• _Supplied information_:
□ □ □
lemma sesq_unit_left:
  assumes "a < d"
  shows "sesq d A (\<lambda>i. if i = a then 1 else 0) g = (\<Sum>j<d. A $$ (a,j) * g j)"
proof -
  have "sesq d A (\<lambda>i. if i = a then 1 else 0) g = (\<Sum>i<d. if i = a then (\<Sum>j<d. A $$ (a,j) * g j) else 0)"
    unfolding sesq_def by (intro sum.cong) auto
  also have "\<dots> = (\<Sum>j<d. A $$ (a,j) * g j)" using assms by (simp add: sum.delta)
  finally show ?thesis .
qed

lemma sesq_units:
  assumes "a < d" "b < d"
  shows "sesq d A (\<lambda>i. if i = a then 1 else 0) (\<lambda>j. if j = b then 1 else 0) = A $$ (a,b)"
proof -
  have "sesq d A (\<lambda>i. if i = a then 1 else 0) (\<lambda>j. if j = b then 1 else 0) = (\<Sum>j<d. if j = b then A $$ (a,b) else 0)"
    unfolding sesq_unit_left[OF assms(1)] by (intro sum.cong) auto
  then show ?thesis using assms by (simp add: sum.delta)
qed

lemma sesq_lin:
  assumes "A \<in> carrier_mat d d" "B \<in> carrier_mat d d"
  shows "sesq d (a \<cdot>\<^sub>m A + b \<cdot>\<^sub>m B) f g = a * sesq d A f g + b * sesq d B f g"
  using assms unfolding sesq_def by (simp add: sum_distrib_left sum.distrib algebra_simps)

lemma sesq_one: "sesq d (1\<^sub>m d) g g = (\<Sum>a<d. cnj (g a) * g a)"
proof -
  have "sesq d (1\<^sub>m d) g g = (\<Sum>a<d. \<Sum>b<d. if a = b then cnj (g a) * g b else 0)"
    unfolding sesq_def by (intro sum.cong refl) simp
  also have "\<dots> = (\<Sum>a<d. cnj (g a) * g a)" by (simp add: sum.delta)
  finally show ?thesis .
qed

lemma sesq_col:
  assumes A: "A \<in> carrier_mat d d" and B: "B \<in> carrier_mat d d" and j: "j < d"
  shows "sesq d A (\<lambda>i. B $$ (i,j)) (\<lambda>i. B $$ (i,j)) = (\<Sum>a<d. cnj (B $$ (a,j)) * (A * B) $$ (a,j))"
  unfolding sesq_def using times_mat_index[OF A B _ j] by (simp add: sum_distrib_left mult.assoc)

text \<open>Polarization: positivity of the quadratic form forces the sesquilinear form to be Hermitian.\<close>

lemma psd_sesq_swap:
  assumes p: "psd d A"
  shows "sesq d A g f = cnj (sesq d A f g)"
proof -
  have r: "Im (sesq d A h h) = 0" for h using p unfolding psd_iff_sesq by auto
  have e1: "Im (sesq d A f g + sesq d A g f) = 0"
    using r[of "\<lambda>i. f i + 1 * g i"] r[of f] r[of g] unfolding sesq_add_mult by simp
  have e2: "Re (sesq d A f g - sesq d A g f) = 0"
    using r[of "\<lambda>i. f i + \<i> * g i"] r[of f] r[of g] unfolding sesq_add_mult by simp
  show ?thesis using e1 e2 by (simp add: complex_eq_iff)
qed

lemma psd_entry_swap:
  assumes p: "psd d A" and "a < d" "b < d"
  shows "A $$ (b,a) = cnj (A $$ (a,b))"
  using psd_sesq_swap[OF p, of "\<lambda>j. if j = b then 1 else 0" "\<lambda>i. if i = a then 1 else 0"]
    sesq_units[OF assms(2,3), of A] sesq_units[OF assms(3,2), of A] by simp

lemma psd_diag:
  assumes p: "psd d A" and a: "a < d"
  shows "Im (A $$ (a,a)) = 0" "Re (A $$ (a,a)) \<ge> 0"
  using p sesq_units[OF a a, of A] unfolding psd_iff_sesq by metis+

lemma psd_sesq_real:
  assumes p: "psd d A"
  shows "sesq d A f f = complex_of_real (Re (sesq d A f f))"
  using p unfolding psd_iff_sesq by (simp add: complex_eq_iff)

text \<open>The additive \<open>1\<close> spares a case split on \<open>\<langle>w, A w\<rangle> = 0\<close>.\<close>

lemma psd_cauchy_schwarz:
  assumes p: "psd d A"
  shows "(cmod (sesq d A w f))\<^sup>2 \<le> (Re (sesq d A w w) + 1) * Re (sesq d A f f)"
proof -
  define \<gamma> where "\<gamma> = sesq d A w f"
  define \<alpha> where "\<alpha> = Re (sesq d A w w)"
  define \<beta> where "\<beta> = Re (sesq d A f f)"
  define s where "s = \<alpha> + 1"
  have a0: "\<alpha> \<ge> 0" "\<beta> \<ge> 0" using p unfolding psd_iff_sesq \<alpha>_def \<beta>_def by auto
  have s0: "s > 0" using a0 unfolding s_def by simp
  have ww: "sesq d A w w = complex_of_real \<alpha>" using psd_sesq_real[OF p] \<alpha>_def by simp
  have ff: "sesq d A f f = complex_of_real \<beta>" using psd_sesq_real[OF p] \<beta>_def by simp
  have fw: "sesq d A f w = cnj \<gamma>" using psd_sesq_swap[OF p, of w f] \<gamma>_def by simp
  define t where "t = - \<gamma> * complex_of_real (1 / s)"
  define g where "g = (Re \<gamma>)\<^sup>2 + (Im \<gamma>)\<^sup>2"
  have "0 \<le> Re (sesq d A (\<lambda>i. f i + t * w i) (\<lambda>i. f i + t * w i))" using p unfolding psd_iff_sesq by auto
  also have "Re (sesq d A (\<lambda>i. f i + t * w i) (\<lambda>i. f i + t * w i)) = \<beta> - 2 * g / s + g * \<alpha> / s\<^sup>2"
    unfolding sesq_add_mult ww ff fw \<gamma>_def[symmetric] t_def g_def
    by (simp add: power2_eq_square field_simps)
  finally have ineq: "0 \<le> \<beta> - 2 * g / s + g * \<alpha> / s\<^sup>2" .
  have g0: "g \<ge> 0" unfolding g_def by simp
  have "0 \<le> (\<beta> - 2 * g / s + g * \<alpha> / s\<^sup>2) * s\<^sup>2" using ineq s0 by simp
  also have "\<dots> = \<beta> * s\<^sup>2 - 2 * g * s + g * \<alpha>" using s0 by (simp add: field_simps power2_eq_square)
  finally have "g * s \<le> \<beta> * s * s"
    using g0 a0 unfolding s_def by (simp add: power2_eq_square algebra_simps)
  then have "g \<le> \<beta> * s" using s0 by (metis mult_le_cancel_right_pos mult.commute mult.left_commute)
  moreover have "(cmod \<gamma>)\<^sup>2 = g" unfolding g_def by (simp add: cmod_power2)
  ultimately show ?thesis unfolding \<gamma>_def s_def \<beta>_def \<alpha>_def by (simp add: mult.commute)
qed

lemma psd_sesq_zero_imp_mult_zero:
  assumes p: "psd d A" and z: "Re (sesq d A f f) = 0" and a: "a < d"
  shows "(\<Sum>j<d. A $$ (a,j) * f j) = 0"
proof -
  have "(cmod (sesq d A (\<lambda>i. if i = a then 1 else 0) f))\<^sup>2 \<le> 0"
    using psd_cauchy_schwarz[OF p, of "\<lambda>i. if i = a then 1 else 0" f] z by simp
  then show ?thesis using sesq_unit_left[OF a] by simp
qed

lemma psd_nonneg_comb:
  assumes "psd d A" "psd d B" "a \<ge> 0" "b \<ge> 0"
  shows "psd d (complex_of_real a \<cdot>\<^sub>m A + complex_of_real b \<cdot>\<^sub>m B)"
proof -
  have "A \<in> carrier_mat d d" "B \<in> carrier_mat d d" using assms unfolding psd_def by auto
  then show ?thesis using assms sesq_lin unfolding psd_iff_sesq by auto
qed

lemma psd_comb_mult_zero:
  assumes A: "psd d A" and B: "psd d B" and ab: "a > 0" "b > 0" and X: "X \<in> carrier_mat d d"
    and z: "(complex_of_real a \<cdot>\<^sub>m A + complex_of_real b \<cdot>\<^sub>m B) * X = 0\<^sub>m d d"
  shows "A * X = 0\<^sub>m d d"
proof (rule eq_matI)
  have AC: "A \<in> carrier_mat d d" and BC: "B \<in> carrier_mat d d" using A B unfolding psd_def by auto
  fix i j assume "i < dim_row (0\<^sub>m d d :: complex mat)" "j < dim_col (0\<^sub>m d d :: complex mat)"
  then have ij: "i < d" "j < d" by auto
  let ?x = "\<lambda>k. X $$ (k,j)"
  have "complex_of_real a \<cdot>\<^sub>m A + complex_of_real b \<cdot>\<^sub>m B \<in> carrier_mat d d" using AC BC by simp
  from sesq_col[OF this X ij(2)]
  have "sesq d (complex_of_real a \<cdot>\<^sub>m A + complex_of_real b \<cdot>\<^sub>m B) ?x ?x = 0"
    unfolding z using ij(2) by simp
  then have "Re (complex_of_real a * sesq d A ?x ?x + complex_of_real b * sesq d B ?x ?x) = 0"
    unfolding sesq_lin[OF AC BC] by simp
  then have "a * Re (sesq d A ?x ?x) + b * Re (sesq d B ?x ?x) = 0" by simp
  moreover have "Re (sesq d A ?x ?x) \<ge> 0" "Re (sesq d B ?x ?x) \<ge> 0"
    using A B unfolding psd_iff_sesq by auto
  ultimately have "Re (sesq d A ?x ?x) = 0" using ab
    by (smt (verit) mult_nonneg_nonneg mult_pos_pos)
  then show "(A * X) $$ (i,j) = 0\<^sub>m d d $$ (i,j)"
    using psd_sesq_zero_imp_mult_zero[OF A _ ij(1)] times_mat_index[OF AC X ij] ij by simp
qed (use A psd_def X in auto)

definition gram_mat :: "nat \<Rightarrow> nat \<Rightarrow> (nat \<Rightarrow> nat \<Rightarrow> complex) \<Rightarrow> complex mat" where
  "gram_mat d m G = mat d d (\<lambda>(a,b). \<Sum>t<m. G a t * cnj (G b t))"

lemma gram_mat_carrier[simp]: "gram_mat d m G \<in> carrier_mat d d"
  unfolding gram_mat_def by simp

lemma gram_mat_index[simp]:
  "a < d \<Longrightarrow> b < d \<Longrightarrow> gram_mat d m G $$ (a,b) = (\<Sum>t<m. G a t * cnj (G b t))"
  unfolding gram_mat_def by simp

lemma sesq_gram_mat:
  "sesq d (gram_mat d m G) f f = complex_of_real (\<Sum>t<m. (cmod (\<Sum>b<d. cnj (G b t) * f b))\<^sup>2)"
proof -
  define z where "z t = (\<Sum>b<d. cnj (G b t) * f b)" for t
  have cz: "cnj (z t) = (\<Sum>i<d. cnj (f i) * G i t)" for t unfolding z_def by (simp add: mult.commute)
  have "sesq d (gram_mat d m G) f f = (\<Sum>i<d. \<Sum>j<d. \<Sum>t<m. cnj (f i) * G i t * (cnj (G j t) * f j))"
    unfolding sesq_def gram_mat_def
    by (intro sum.cong refl) (simp add: sum_distrib_left sum_distrib_right mult.assoc)
  also have "\<dots> = (\<Sum>i<d. \<Sum>t<m. \<Sum>j<d. cnj (f i) * G i t * (cnj (G j t) * f j))"
    by (rule sum.cong[OF refl]) (rule sum.swap)
  also have "\<dots> = (\<Sum>t<m. \<Sum>i<d. \<Sum>j<d. cnj (f i) * G i t * (cnj (G j t) * f j))"
    by (rule sum.swap)
  also have "\<dots> = (\<Sum>t<m. cnj (z t) * z t)"
    unfolding cz by (simp only: z_def sum_product)
  also have "\<dots> = (\<Sum>t<m. complex_of_real ((cmod (z t))\<^sup>2))"
    by (intro sum.cong refl) (metis complex_norm_square mult.commute)
  finally show ?thesis unfolding z_def by simp
qed

lemma psd_gram_mat: "psd d (gram_mat d m G)"
  unfolding psd_iff_sesq sesq_gram_mat by (auto intro: sum_nonneg)

section \<open>Hermitian matrices and orthogonal projections\<close>

definition hermitian_mat :: "nat \<Rightarrow> complex mat \<Rightarrow> bool" where
  "hermitian_mat d A \<longleftrightarrow> A \<in> carrier_mat d d \<and> (\<forall>a<d. \<forall>b<d. A $$ (b,a) = cnj (A $$ (a,b)))"

lemma hermitian_matD: "hermitian_mat d A \<Longrightarrow> a < d \<Longrightarrow> b < d \<Longrightarrow> A $$ (b,a) = cnj (A $$ (a,b))"
  unfolding hermitian_mat_def by blast

lemma hermitian_mat_carrier: "hermitian_mat d A \<Longrightarrow> A \<in> carrier_mat d d"
  unfolding hermitian_mat_def by blast

lemma psd_hermitian_mat:
  assumes "psd d A"
  shows "hermitian_mat d A"
  using assms psd_entry_swap[OF assms] unfolding hermitian_mat_def psd_def by blast

lemma hermitian_mat_zero: "hermitian_mat d (0\<^sub>m d d)"
  unfolding hermitian_mat_def by simp

text \<open>\<open>(B A)\<^sup>* = A B\<close>, so \<open>B A = C\<^sup>* = C\<close>.\<close>

lemma hermitian_mat_mult_comm:
  assumes A: "hermitian_mat d A" and B: "hermitian_mat d B" and C: "hermitian_mat d C"
    and AB: "A * B = C"
  shows "B * A = C"
proof (rule eq_matI)
  have Ac: "A \<in> carrier_mat d d" and Bc: "B \<in> carrier_mat d d" and Cc: "C \<in> carrier_mat d d"
    using A B C hermitian_mat_carrier by auto
  fix a c assume "a < dim_row C" "c < dim_col C"
  then have ac: "a < d" "c < d" using Cc by auto
  have "(B * A) $$ (a,c) = (\<Sum>b<d. B $$ (a,b) * A $$ (b,c))" using times_mat_index[OF Bc Ac ac] .
  also have "\<dots> = (\<Sum>b<d. cnj (A $$ (c,b) * B $$ (b,a)))"
    using hermitian_matD[OF A ac(2)] hermitian_matD[OF B _ ac(1)]
    by (intro sum.cong refl) (simp add: mult.commute)
  also have "\<dots> = cnj ((A * B) $$ (c,a))" using times_mat_index[OF Ac Bc ac(2) ac(1)] by simp
  also have "\<dots> = C $$ (a,c)" using AB hermitian_matD[OF C ac(2) ac(1)] by simp
  finally show "(B * A) $$ (a,c) = C $$ (a,c)" .
qed (use hermitian_mat_carrier[OF A] hermitian_mat_carrier[OF B] hermitian_mat_carrier[OF C] in auto)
□ □ □
All lines that contain the word "cmod" should be copied from the listing.

  shows "(cmod (sesq d A w f))\<^sup>2 \<le> (Re (sesq d A w w) + 1) * Re (sesq d A f f)"
  moreover have "(cmod \<gamma>)\<^sup>2 = g" unfolding g_def by (simp add: cmod_power2)
  have "(cmod (sesq d A (\<lambda>i. if i = a then 1 else 0) f))\<^sup>2 \<le> 0"
  "sesq d (gram_mat d m G) f f = complex_of_real (\<Sum>t<m. (cmod (\<Sum>b<d. cnj (G b t) * f b))\<^sup>2)"
  also have "\<dots> = (\<Sum>t<m. complex_of_real ((cmod (z t))\<^sup>2))"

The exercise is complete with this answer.